**PROMPT**
In the data below, find the line that contains "obtain B1 where" and the line that contains "define B where". Copy both, plus every line between them, exactly.

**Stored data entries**

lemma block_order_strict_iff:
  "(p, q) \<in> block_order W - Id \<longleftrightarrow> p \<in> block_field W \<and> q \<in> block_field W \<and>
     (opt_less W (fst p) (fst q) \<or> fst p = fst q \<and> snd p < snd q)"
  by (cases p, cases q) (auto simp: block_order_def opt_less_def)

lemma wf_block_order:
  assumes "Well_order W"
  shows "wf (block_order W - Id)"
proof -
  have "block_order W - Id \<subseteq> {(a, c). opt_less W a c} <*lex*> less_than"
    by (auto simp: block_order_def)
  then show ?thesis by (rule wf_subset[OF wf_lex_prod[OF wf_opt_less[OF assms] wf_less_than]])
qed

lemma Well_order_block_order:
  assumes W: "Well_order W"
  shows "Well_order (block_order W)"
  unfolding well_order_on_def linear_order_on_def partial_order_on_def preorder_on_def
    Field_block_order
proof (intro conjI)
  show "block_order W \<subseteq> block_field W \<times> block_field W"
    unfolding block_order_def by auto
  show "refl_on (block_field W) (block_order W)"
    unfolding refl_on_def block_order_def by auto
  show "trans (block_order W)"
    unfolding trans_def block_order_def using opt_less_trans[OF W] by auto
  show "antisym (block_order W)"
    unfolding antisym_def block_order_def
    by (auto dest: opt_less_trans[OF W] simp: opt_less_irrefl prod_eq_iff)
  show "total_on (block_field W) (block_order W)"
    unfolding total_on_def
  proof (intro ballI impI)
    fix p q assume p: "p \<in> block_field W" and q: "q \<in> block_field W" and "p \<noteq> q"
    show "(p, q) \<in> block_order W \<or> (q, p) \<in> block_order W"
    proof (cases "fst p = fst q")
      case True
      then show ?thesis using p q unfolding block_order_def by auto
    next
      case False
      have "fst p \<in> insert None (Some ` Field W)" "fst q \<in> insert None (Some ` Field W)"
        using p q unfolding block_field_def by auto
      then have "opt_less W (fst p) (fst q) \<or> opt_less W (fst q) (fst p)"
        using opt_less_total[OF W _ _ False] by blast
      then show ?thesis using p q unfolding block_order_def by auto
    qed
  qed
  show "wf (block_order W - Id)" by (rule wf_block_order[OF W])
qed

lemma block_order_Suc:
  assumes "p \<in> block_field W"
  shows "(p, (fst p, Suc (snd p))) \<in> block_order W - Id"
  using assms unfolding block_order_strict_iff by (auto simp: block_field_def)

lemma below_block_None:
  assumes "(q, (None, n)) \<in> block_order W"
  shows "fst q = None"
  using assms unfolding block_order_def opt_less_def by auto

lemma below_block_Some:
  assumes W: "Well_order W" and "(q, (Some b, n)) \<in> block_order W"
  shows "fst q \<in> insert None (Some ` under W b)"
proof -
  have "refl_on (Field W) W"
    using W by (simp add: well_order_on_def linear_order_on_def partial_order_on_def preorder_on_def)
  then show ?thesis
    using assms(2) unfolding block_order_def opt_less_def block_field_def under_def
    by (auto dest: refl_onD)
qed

--

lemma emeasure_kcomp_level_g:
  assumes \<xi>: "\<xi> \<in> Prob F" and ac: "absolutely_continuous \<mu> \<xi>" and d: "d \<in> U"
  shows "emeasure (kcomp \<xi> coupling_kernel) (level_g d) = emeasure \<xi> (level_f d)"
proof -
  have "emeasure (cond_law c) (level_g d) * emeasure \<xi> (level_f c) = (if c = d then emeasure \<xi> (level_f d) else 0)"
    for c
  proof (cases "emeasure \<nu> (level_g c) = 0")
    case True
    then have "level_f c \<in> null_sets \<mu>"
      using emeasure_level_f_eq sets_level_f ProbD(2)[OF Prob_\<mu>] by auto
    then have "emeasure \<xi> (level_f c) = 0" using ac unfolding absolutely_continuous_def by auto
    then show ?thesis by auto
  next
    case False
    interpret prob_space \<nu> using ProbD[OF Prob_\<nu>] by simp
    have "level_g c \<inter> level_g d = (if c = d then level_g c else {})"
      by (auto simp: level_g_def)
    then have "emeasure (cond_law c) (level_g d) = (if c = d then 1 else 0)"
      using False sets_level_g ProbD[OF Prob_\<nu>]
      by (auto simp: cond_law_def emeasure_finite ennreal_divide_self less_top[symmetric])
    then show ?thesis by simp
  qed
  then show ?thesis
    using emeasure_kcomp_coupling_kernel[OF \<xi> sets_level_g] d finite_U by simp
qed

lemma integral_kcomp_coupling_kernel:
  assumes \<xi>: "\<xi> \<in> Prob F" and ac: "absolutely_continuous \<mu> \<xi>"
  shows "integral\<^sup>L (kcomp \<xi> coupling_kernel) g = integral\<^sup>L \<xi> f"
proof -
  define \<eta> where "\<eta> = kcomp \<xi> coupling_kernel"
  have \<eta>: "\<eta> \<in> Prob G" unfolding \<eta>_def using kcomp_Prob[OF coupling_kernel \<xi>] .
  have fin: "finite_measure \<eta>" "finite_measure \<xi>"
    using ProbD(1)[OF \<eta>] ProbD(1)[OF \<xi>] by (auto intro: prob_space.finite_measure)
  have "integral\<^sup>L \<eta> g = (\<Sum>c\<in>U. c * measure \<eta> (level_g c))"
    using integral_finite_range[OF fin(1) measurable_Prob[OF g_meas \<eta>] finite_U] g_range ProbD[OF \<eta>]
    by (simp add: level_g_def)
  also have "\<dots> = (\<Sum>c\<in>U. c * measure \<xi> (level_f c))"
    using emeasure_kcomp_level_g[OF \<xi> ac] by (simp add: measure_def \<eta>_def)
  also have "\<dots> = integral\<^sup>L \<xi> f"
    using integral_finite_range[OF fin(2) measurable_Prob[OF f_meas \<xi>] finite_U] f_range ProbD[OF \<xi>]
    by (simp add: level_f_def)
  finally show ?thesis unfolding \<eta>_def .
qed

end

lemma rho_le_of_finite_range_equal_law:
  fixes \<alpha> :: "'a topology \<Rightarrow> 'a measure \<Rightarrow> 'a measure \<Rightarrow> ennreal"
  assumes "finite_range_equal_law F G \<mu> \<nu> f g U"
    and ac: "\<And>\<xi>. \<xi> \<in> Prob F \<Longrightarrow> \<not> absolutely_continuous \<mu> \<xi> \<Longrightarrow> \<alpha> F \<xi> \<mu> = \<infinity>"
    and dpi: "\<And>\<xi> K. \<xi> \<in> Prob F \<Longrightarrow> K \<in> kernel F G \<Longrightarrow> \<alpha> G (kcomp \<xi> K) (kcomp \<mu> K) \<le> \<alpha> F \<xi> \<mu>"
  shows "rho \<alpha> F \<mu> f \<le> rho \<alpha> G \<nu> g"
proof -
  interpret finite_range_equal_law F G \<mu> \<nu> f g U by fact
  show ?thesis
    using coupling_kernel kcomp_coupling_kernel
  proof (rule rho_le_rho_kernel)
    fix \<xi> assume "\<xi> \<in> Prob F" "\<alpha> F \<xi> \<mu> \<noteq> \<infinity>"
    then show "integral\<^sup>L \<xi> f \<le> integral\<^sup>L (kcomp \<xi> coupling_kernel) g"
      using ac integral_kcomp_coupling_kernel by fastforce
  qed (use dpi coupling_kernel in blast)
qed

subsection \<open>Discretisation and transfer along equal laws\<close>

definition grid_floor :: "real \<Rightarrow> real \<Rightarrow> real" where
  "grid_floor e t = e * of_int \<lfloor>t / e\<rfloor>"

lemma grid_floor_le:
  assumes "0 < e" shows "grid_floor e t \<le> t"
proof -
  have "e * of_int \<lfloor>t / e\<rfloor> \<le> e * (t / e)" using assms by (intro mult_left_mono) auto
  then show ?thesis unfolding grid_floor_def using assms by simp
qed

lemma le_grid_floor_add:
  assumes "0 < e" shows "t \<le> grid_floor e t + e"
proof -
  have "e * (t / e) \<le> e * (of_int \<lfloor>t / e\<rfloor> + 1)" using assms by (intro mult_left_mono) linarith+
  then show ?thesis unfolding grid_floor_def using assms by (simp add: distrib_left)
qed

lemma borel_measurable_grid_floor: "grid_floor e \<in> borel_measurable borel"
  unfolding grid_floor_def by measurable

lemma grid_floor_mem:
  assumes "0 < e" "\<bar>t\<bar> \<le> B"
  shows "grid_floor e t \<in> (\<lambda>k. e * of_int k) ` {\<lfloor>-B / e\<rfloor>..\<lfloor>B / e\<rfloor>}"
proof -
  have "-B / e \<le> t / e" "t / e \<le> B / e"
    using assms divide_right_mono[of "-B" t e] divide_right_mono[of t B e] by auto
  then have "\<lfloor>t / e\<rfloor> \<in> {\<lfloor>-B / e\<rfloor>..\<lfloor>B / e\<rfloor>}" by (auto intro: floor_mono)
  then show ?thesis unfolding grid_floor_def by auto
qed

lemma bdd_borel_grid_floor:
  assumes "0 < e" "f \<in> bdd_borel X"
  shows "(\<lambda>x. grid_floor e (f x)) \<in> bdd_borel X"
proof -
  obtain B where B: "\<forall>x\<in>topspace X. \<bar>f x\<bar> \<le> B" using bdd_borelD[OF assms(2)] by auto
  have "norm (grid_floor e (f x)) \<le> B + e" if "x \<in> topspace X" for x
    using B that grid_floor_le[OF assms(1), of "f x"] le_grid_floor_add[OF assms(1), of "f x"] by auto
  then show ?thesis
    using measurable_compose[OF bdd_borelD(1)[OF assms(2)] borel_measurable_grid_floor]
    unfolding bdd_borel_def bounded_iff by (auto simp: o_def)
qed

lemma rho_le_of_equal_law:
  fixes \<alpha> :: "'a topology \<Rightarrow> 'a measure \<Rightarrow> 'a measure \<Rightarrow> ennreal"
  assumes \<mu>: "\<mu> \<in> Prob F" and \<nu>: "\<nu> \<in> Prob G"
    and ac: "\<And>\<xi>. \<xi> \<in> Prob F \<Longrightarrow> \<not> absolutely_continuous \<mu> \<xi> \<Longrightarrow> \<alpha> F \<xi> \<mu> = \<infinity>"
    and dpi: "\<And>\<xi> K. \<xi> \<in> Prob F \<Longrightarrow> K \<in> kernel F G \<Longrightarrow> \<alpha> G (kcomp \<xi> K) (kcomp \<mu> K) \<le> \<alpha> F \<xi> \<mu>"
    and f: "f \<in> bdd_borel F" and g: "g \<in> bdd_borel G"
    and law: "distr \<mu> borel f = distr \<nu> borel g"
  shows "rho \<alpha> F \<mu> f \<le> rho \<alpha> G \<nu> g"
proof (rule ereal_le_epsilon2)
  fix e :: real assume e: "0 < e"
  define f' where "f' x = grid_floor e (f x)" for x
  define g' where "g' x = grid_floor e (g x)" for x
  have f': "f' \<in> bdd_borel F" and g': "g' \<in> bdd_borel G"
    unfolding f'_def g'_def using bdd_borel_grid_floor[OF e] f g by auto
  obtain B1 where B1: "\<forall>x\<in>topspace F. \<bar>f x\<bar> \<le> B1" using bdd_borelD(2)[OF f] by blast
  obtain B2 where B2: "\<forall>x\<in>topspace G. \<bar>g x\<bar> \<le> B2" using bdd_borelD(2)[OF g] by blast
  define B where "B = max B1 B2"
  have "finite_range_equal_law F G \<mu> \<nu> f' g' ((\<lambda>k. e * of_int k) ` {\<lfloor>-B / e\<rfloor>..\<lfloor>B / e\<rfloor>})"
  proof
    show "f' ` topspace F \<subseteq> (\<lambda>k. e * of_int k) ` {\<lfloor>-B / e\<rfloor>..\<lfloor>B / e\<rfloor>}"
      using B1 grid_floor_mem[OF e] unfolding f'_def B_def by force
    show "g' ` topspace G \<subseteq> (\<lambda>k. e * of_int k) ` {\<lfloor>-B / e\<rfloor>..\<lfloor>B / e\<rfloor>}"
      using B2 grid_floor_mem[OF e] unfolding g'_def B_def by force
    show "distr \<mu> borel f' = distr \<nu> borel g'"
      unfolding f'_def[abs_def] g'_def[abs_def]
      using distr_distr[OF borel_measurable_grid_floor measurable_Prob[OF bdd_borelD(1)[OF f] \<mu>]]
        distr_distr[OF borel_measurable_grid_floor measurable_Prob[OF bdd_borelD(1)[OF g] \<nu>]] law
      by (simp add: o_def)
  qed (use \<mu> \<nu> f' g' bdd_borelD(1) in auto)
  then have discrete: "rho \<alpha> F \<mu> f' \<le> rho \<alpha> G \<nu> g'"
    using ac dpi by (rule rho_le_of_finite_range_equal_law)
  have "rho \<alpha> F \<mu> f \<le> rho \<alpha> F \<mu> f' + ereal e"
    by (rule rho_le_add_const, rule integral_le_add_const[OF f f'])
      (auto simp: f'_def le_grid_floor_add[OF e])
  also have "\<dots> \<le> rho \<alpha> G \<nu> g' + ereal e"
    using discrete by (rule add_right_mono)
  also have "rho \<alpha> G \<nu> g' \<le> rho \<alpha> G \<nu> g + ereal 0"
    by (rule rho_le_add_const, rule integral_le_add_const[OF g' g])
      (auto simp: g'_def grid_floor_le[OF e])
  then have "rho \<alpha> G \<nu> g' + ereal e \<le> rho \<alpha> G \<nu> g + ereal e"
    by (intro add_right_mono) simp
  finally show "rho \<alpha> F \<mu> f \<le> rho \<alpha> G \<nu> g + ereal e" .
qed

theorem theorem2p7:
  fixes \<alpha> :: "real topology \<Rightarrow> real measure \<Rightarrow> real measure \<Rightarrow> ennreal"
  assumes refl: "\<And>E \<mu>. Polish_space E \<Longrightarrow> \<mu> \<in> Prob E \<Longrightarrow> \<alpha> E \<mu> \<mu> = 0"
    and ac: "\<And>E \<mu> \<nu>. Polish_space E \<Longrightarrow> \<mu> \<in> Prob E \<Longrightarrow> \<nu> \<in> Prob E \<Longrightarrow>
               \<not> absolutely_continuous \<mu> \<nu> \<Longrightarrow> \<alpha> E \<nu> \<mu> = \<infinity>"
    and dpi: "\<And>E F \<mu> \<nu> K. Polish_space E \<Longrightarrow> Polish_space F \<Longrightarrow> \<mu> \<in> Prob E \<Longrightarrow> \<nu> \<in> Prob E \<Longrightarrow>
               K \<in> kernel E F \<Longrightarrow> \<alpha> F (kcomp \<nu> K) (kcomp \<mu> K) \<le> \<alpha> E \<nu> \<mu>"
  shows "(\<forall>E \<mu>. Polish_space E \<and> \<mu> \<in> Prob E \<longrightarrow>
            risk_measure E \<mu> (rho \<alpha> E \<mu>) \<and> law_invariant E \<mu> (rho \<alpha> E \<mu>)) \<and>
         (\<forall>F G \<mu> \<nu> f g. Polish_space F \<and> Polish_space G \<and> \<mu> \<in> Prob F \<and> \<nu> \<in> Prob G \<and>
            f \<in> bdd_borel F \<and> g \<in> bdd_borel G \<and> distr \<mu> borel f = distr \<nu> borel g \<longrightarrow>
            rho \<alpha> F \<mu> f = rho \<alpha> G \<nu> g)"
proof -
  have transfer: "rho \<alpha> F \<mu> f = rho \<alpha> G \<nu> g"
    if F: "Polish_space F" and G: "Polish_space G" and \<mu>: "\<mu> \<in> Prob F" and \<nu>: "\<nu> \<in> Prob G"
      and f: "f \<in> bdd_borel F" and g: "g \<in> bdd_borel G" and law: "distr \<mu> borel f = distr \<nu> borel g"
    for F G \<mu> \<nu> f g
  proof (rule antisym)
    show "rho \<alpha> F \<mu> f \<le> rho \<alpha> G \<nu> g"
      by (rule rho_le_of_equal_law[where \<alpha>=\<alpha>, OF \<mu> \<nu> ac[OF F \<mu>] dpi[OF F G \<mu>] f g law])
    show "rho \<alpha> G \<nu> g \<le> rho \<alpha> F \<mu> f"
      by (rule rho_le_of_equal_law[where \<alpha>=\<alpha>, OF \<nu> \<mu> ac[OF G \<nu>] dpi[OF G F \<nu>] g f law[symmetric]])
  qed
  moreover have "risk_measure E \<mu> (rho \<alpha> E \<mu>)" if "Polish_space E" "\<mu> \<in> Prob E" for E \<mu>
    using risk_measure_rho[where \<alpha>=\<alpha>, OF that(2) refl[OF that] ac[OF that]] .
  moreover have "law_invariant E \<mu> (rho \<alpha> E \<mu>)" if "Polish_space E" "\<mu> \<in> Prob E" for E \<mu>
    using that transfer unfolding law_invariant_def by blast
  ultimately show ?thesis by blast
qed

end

**EXERCISE ANSWER**
  obtain B1 where B1: "\<forall>x\<in>topspace F. \<bar>f x\<bar> \<le> B1" using bdd_borelD(2)[OF f] by blast
  obtain B2 where B2: "\<forall>x\<in>topspace G. \<bar>g x\<bar> \<le> B2" using bdd_borelD(2)[OF g] by blast
  define B where "B = max B1 B2"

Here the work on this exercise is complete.